1. Thobani has continued her work despite facing numerous ad hominem attacks in the Canadian and US, including some feminist media (e.g. King, 2011).

2. That these rescue scripts rarely translate into more resources for vulnerable women is illustrated by the forced marriage and honour crime discourses, which swiftly joined neoliberal, punitive and anti-immigration agendas by creating new grounds for incarceration, deportation and border fortification, at the very time that refuges and services for Asian women were having funding withdrawn and being closed (Razack, 2004; Wilson, 2007).
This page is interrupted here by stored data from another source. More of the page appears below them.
theorem corollary1:
  fixes G :: "('g, 'b) monoid_scheme"
    and \<phi> :: "'g \<Rightarrow> real^'n \<Rightarrow> real^'n"
    and W :: "(real^'n) set"
    and h :: "real^'n \<Rightarrow> real^'n"
  assumes "group_action G UNIV \<phi>"
    and "countable (carrier G)"
    and "\<forall>g\<in>carrier G. affine_map (\<phi> g)"
    and "open W"
    and "C1_on W h"
    and "\<forall>x\<in>W. h x \<in> orbit G \<phi> x"
  shows "\<forall>x\<in>W. \<exists>g\<in>carrier G. same_germ_at W h (\<phi> g) x"
proof -
  obtain Dh where "\<forall>x\<in>W. (h has_derivative blinfun_apply (Dh x)) (at x)" "continuous_on W Dh"
    using assms(5) unfolding C1_on_def by blast
  then interpret pointwise_affine_C1 "carrier G" \<phi> W h Dh
  proof unfold_locales
    show "\<exists>L c. bounded_linear L \<and> (\<forall>x. \<phi> g x = L x + c)" if "g \<in> carrier G" for g
      using assms(3) that linear_conv_bounded_linear unfolding affine_map_def by blast
    show "\<exists>g\<in>carrier G. h x = \<phi> g x" if "x \<in> W" for x
      using assms(6) that unfolding orbit_def by blast
  qed (use assms in auto)
  show ?thesis
    using exists_same_germ by blast
qed

end
text \<open>The signed graph contains, as an induced subgraph, some member of the family given by a
bigraph pattern with parts {a_1..a_p}, {b_1..b_q}, edge set PE (pairs (i,j) meaning a_i b_j),
negative edges PN (a subset of PE) and all remaining edges free.  Since free edges may receive
any sign, this amounts to an injective vertex map that preserves adjacency and non-adjacency
exactly and sends the declared negative edges to negative edges.\<close>
definition contains_family ::
  "'v set \<Rightarrow> ('v \<Rightarrow> 'v \<Rightarrow> bool) \<Rightarrow> ('v \<Rightarrow> 'v \<Rightarrow> bool) \<Rightarrow> nat \<Rightarrow> nat \<Rightarrow>
   (nat \<Rightarrow> nat \<Rightarrow> bool) \<Rightarrow> (nat \<Rightarrow> nat \<Rightarrow> bool) \<Rightarrow> bool" where
  "contains_family V E neg p q PE PN \<longleftrightarrow>
     (\<exists>a b. inj_on a {1..p} \<and> inj_on b {1..q} \<and> a ` {1..p} \<inter> b ` {1..q} = {} \<and>
        a ` {1..p} \<subseteq> V \<and> b ` {1..q} \<subseteq> V \<and>
        (\<forall>i\<in>{1..p}. \<forall>i'\<in>{1..p}. \<not> E (a i) (a i')) \<and>
        (\<forall>j\<in>{1..q}. \<forall>j'\<in>{1..q}. \<not> E (b j) (b j')) \<and>
        (\<forall>i\<in>{1..p}. \<forall>j\<in>{1..q}. (E (a i) (b j) \<longleftrightarrow> PE i j) \<and> (PN i j \<longrightarrow> neg (a i) (b j))))"

definition F3_E :: "nat \<Rightarrow> nat \<Rightarrow> bool" where "F3_E i j = True"
definition F3_N :: "nat \<Rightarrow> nat \<Rightarrow> bool" where
  "F3_N i j \<longleftrightarrow> (i, j) \<in> {(1,1), (1,2), (2,3), (2,4)}"

definition F4_E :: "nat \<Rightarrow> nat \<Rightarrow> bool" where "F4_E i j = True"
definition F4_N :: "nat \<Rightarrow> nat \<Rightarrow> bool" where
  "F4_N i j \<longleftrightarrow> (i, j) \<in> {(1,1), (2,2), (3,3)}"

definition F5_E :: "nat \<Rightarrow> nat \<Rightarrow> bool" where "F5_E i j \<longleftrightarrow> (i, j) \<noteq> (1, 3)"
definition F5_N :: "nat \<Rightarrow> nat \<Rightarrow> bool" where
  "F5_N i j \<longleftrightarrow> (i, j) \<in> {(2,1), (3,2)}"

definition F6_E :: "nat \<Rightarrow> nat \<Rightarrow> bool" where
  "F6_E i j \<longleftrightarrow> (i \<in> {1,2} \<and> j \<in> {1,2}) \<or> i \<in> {3,4}"
definition F6_N :: "nat \<Rightarrow> nat \<Rightarrow> bool" where
  "F6_N i j \<longleftrightarrow> (i, j) \<in> {(1,1), (2,1), (3,2), (4,3), (4,4)}"

end

theory Submission imports Defs begin

text \<open>Since y_1 has the smallest neighbourhood in Y, the vertices x_i and x_j are adjacent to
all of Y.  Non-separability makes the neighbourhoods of the vertices of X a chain, so some
neighbour x_0 of y_r has the least neighbourhood among the neighbours of y_r; it misses y_l and
y_q because x_k does.  As x_0 y_r is not signed simplicial, some neighbour x_1 of y_r is joined
negatively to a neighbour y_1 \<noteq> y_r of x_0.  How x_1 meets x_i, x_j, y_l, y_q exhibits a member
of F_3, F_4 or F_5, unless x_1 is a twin of x_0.  Then x_1 is least as well, and a second round
gives a twin x_2 with a negative edge x_2 y_2, which yields F_6 if y_2 = y_1 and F_4 otherwise.\<close>

lemma signed_bigraph_sym:
  "signed_bigraph X Y E neg \<Longrightarrow> E u v \<Longrightarrow> E v u"
  unfolding signed_bigraph_def by blast

lemma signed_bigraph_edge_X:
  "signed_bigraph X Y E neg \<Longrightarrow> E x y \<Longrightarrow> x \<in> X \<Longrightarrow> y \<in> Y"
  unfolding signed_bigraph_def by blast

lemma signed_bigraph_no_edge_X:
  "signed_bigraph X Y E neg \<Longrightarrow> x \<in> X \<Longrightarrow> x' \<in> X \<Longrightarrow> \<not> E x x'"
  unfolding signed_bigraph_def by blast

lemma signed_bigraph_no_edge_Y:
  "signed_bigraph X Y E neg \<Longrightarrow> y \<in> Y \<Longrightarrow> y' \<in> Y \<Longrightarrow> \<not> E y y'"
  unfolding signed_bigraph_def by blast

lemma contains_familyI:
  assumes G: "signed_bigraph X Y E neg"
    and "inj_on a {1..p}" "inj_on b {1..q}"
    and "\<And>i. i \<in> {1..p} \<Longrightarrow> a i \<in> X" "\<And>j. j \<in> {1..q} \<Longrightarrow> b j \<in> Y"
    and "\<And>i j. i \<in> {1..p} \<Longrightarrow> j \<in> {1..q} \<Longrightarrow> E (a i) (b j) \<longleftrightarrow> PE i j"
    and "\<And>i j. i \<in> {1..p} \<Longrightarrow> j \<in> {1..q} \<Longrightarrow> PN i j \<Longrightarrow> neg (a i) (b j)"
  shows "contains_family (X \<union> Y) E neg p q PE PN"
proof -
  have "a ` {1..p} \<subseteq> X" "b ` {1..q} \<subseteq> Y"
    using assms(4,5) by auto
  moreover have "X \<inter> Y = {}"
    using G unfolding signed_bigraph_def by blast
  ultimately have "a ` {1..p} \<inter> b ` {1..q} = {}" "a ` {1..p} \<subseteq> X \<union> Y" "b ` {1..q} \<subseteq> X \<union> Y"
    by blast+
  moreover have "\<forall>i\<in>{1..p}. \<forall>i'\<in>{1..p}. \<not> E (a i) (a i')"
    using signed_bigraph_no_edge_X[OF G] assms(4) by simp
  moreover have "\<forall>j\<in>{1..q}. \<forall>j'\<in>{1..q}. \<not> E (b j) (b j')"
    using signed_bigraph_no_edge_Y[OF G] assms(5) by simp
  moreover have "\<forall>i\<in>{1..p}. \<forall>j\<in>{1..q}. (E (a i) (b j) \<longleftrightarrow> PE i j) \<and> (PN i j \<longrightarrow> neg (a i) (b j))"
    using assms(6,7) by simp
  ultimately show ?thesis
    unfolding contains_family_def using assms(2,3) by - (rule exI[of _ a], rule exI[of _ b], simp)
qed

lemma contains_F3I:
  assumes "signed_bigraph X Y E neg"
    and "xa \<in> X" "xb \<in> X" "ya \<in> Y" "yb \<in> Y" "yc \<in> Y" "yd \<in> Y"
    and "xa \<noteq> xb" "ya \<noteq> yb" "ya \<noteq> yc" "ya \<noteq> yd" "yb \<noteq> yc" "yb \<noteq> yd" "yc \<noteq> yd"
    and "E xa ya" "E xa yb" "E xa yc" "E xa yd" "E xb ya" "E xb yb" "E xb yc" "E xb yd"
    and "neg xa ya" "neg xa yb" "neg xb yc" "neg xb yd"
  shows "contains_family (X \<union> Y) E neg 2 4 F3_E F3_N"
proof -
  have intervals: "{1..2::nat} = {1,2}" "{1..4::nat} = {1,2,3,4}"
    by auto
  show ?thesis
    by (rule contains_familyI[OF assms(1), where
        a = "\<lambda>i. if i = 1 then xa else xb" and
        b = "\<lambda>j. if j = 1 then ya else if j = 2 then yb else if j = 3 then yc else yd"])
      (use assms intervals in \<open>auto simp: F3_E_def F3_N_def inj_on_def\<close>)
qed

lemma contains_F4I:
  assumes "signed_bigraph X Y E neg"
    and "xa \<in> X" "xb \<in> X" "xc \<in> X" "ya \<in> Y" "yb \<in> Y" "yc \<in> Y"
    and "xa \<noteq> xb" "xa \<noteq> xc" "xb \<noteq> xc" "ya \<noteq> yb" "ya \<noteq> yc" "yb \<noteq> yc"
    and "E xa ya" "E xa yb" "E xa yc" "E xb ya" "E xb yb" "E xb yc" "E xc ya" "E xc yb" "E xc yc"
    and "neg xa ya" "neg xb yb" "neg xc yc"
  shows "contains_family (X \<union> Y) E neg 3 3 F4_E F4_N"
proof -
  have intervals: "{1..3::nat} = {1,2,3}"
    by auto
  show ?thesis
    by (rule contains_familyI[OF assms(1), where
        a = "\<lambda>i. if i = 1 then xa else if i = 2 then xb else xc" and
        b = "\<lambda>j. if j = 1 then ya else if j = 2 then yb else yc"])
      (use assms intervals in \<open>auto simp: F4_E_def F4_N_def inj_on_def\<close>)
qed

lemma contains_F5I:
  assumes "signed_bigraph X Y E neg"
    and "xa \<in> X" "xb \<in> X" "xc \<in> X" "ya \<in> Y" "yb \<in> Y" "yc \<in> Y"
    and "xa \<noteq> xb" "xa \<noteq> xc" "xb \<noteq> xc" "ya \<noteq> yb" "ya \<noteq> yc" "yb \<noteq> yc"
    and "E xa ya" "E xa yb" "\<not> E xa yc" "E xb ya" "E xb yb" "E xb yc" "E xc ya" "E xc yb" "E xc yc"
    and "neg xb ya" "neg xc yb"
  shows "contains_family (X \<union> Y) E neg 3 3 F5_E F5_N"
proof -
  have intervals: "{1..3::nat} = {1,2,3}"
    by auto
  show ?thesis
    by (rule contains_familyI[OF assms(1), where
        a = "\<lambda>i. if i = 1 then xa else if i = 2 then xb else xc" and
        b = "\<lambda>j. if j = 1 then ya else if j = 2 then yb else yc"])
      (use assms intervals in \<open>auto simp: F5_E_def F5_N_def inj_on_def\<close>)
qed

lemma contains_F6I:
  assumes "signed_bigraph X Y E neg"
    and "xa \<in> X" "xb \<in> X" "xc \<in> X" "xd \<in> X" "ya \<in> Y" "yb \<in> Y" "yc \<in> Y" "yd \<in> Y"
    and "xa \<noteq> xb" "xa \<noteq> xc" "xa \<noteq> xd" "xb \<noteq> xc" "xb \<noteq> xd" "xc \<noteq> xd"
    and "ya \<noteq> yb" "ya \<noteq> yc" "ya \<noteq> yd" "yb \<noteq> yc" "yb \<noteq> yd" "yc \<noteq> yd"
    and "E xa ya" "E xa yb" "\<not> E xa yc" "\<not> E xa yd"
    and "E xb ya" "E xb yb" "\<not> E xb yc" "\<not> E xb yd"
    and "E xc ya" "E xc yb" "E xc yc" "E xc yd"
    and "E xd ya" "E xd yb" "E xd yc" "E xd yd"
    and "neg xa ya" "neg xb ya" "neg xc yb" "neg xd yc" "neg xd yd"
  shows "contains_family (X \<union> Y) E neg 4 4 F6_E F6_N"
proof -
  have intervals: "{1..4::nat} = {1,2,3,4}"
    by auto
  show ?thesis
    by (rule contains_familyI[OF assms(1), where
        a = "\<lambda>i. if i = 1 then xa else if i = 2 then xb else if i = 3 then xc else xd" and
        b = "\<lambda>j. if j = 1 then ya else if j = 2 then yb else if j = 3 then yc else yd"])
      (use assms intervals in \<open>auto simp: F6_E_def F6_N_def inj_on_def\<close>)
qed

lemma non_separable_nbhd_chain:
  assumes G: "signed_bigraph X Y E neg" and nonsep: "non_separable X Y E"
    and "x \<in> X" "x' \<in> X"
  shows "nbhd E x \<subseteq> nbhd E x' \<or> nbhd E x' \<subseteq> nbhd E x"
proof (rule ccontr)
  assume "\<not> ?thesis"
  then obtain y y' where yy': "E x y" "\<not> E x' y" "E x' y'" "\<not> E x y'"
    by (auto simp: nbhd_def)
  then have "x \<noteq> x'" "y \<noteq> y'" "y \<in> Y" "y' \<in> Y"
    using signed_bigraph_edge_X[OF G] assms(3,4) by auto
  then show False
    using nonsep yy' assms(3,4) unfolding non_separable_def by blast
qed

definition least_nbhd_neighbour :: "'v set \<Rightarrow> ('v \<Rightarrow> 'v \<Rightarrow> bool) \<Rightarrow> 'v \<Rightarrow> 'v \<Rightarrow> bool" where
  "least_nbhd_neighbour X E y x \<longleftrightarrow>
     x \<in> X \<and> E x y \<and> (\<forall>z\<in>X. E z y \<longrightarrow> nbhd E x \<subseteq> nbhd E z)"

lemma non_separable_least_nbhd_neighbour:
  assumes G: "signed_bigraph X Y E neg" and nonsep: "non_separable X Y E"
    and "x \<in> X" "E x y"
  obtains x0 where "least_nbhd_neighbour X E y x0"
proof -
  let ?Ns = "nbhd E ` {z \<in> X. E z y}"
  have "finite ?Ns" "?Ns \<noteq> {}"
    using G assms(3,4) unfolding signed_bigraph_def by auto
  then obtain N where "N \<in> ?Ns" and minimal: "\<forall>N' \<in> ?Ns. N' \<subseteq> N \<longrightarrow> N = N'"
    by (meson finite_has_minimal)
  then obtain x0 where x0: "x0 \<in> X" "E x0 y" "N = nbhd E x0"
    by blast
  have "nbhd E x0 \<subseteq> nbhd E z" if "z \<in> X" "E z y" for z
    using non_separable_nbhd_chain[OF G nonsep x0(1) that(1)] minimal x0(3) that by blast
  with x0 show ?thesis
    using that unfolding least_nbhd_neighbour_def by blast
qed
3. Among other events, the Mapping Homonationalism conference organized in Berlin in December 2010 brought together transnational activists and academics working on these issues.

4. At the same concluding panel, Dutch sexuality theorist Gert Hekma was able to call Muslims pedophiles and make fetishistic statements about black people’s sexualities. Hekma had already announced his plan to defend ‘white secular ideas above a Muslim ideology that has no good record when it comes to these [gay and women’s] rights – not in Holland, Europe or the Middle East’ more than a week earlier, in an email to the organizers and panellists (19 January 2011). Besides Fatima El-Tayeb and I, the two queer of colour panellists, no one responded to this at all, and it is likely that business would have proceeded as usual had we not withdrawn from the panel. The organizers subsequently released a public statement whose lack of accountability was compounded by how the blame for the bad diversity work was put instead on the few people who had worked to challenge the racism at the conference (www.sexualnationalisms.org/state­ment-february-2nd-2011.php).

5. It is important to examine how what at first sight appears to be a confusing granting and taking away of rights and entitlements, and the progressive erosion of civil rights and civil liberties within a regime that is nevertheless democratic, is not just an aberration from the inclusionary project of the nation-state (and its supranational equivalents) but rather, in contexts of imperfect decolonization, its fulfilment (e.g. Bassichis and Spade, forthcoming; Smith, 2007).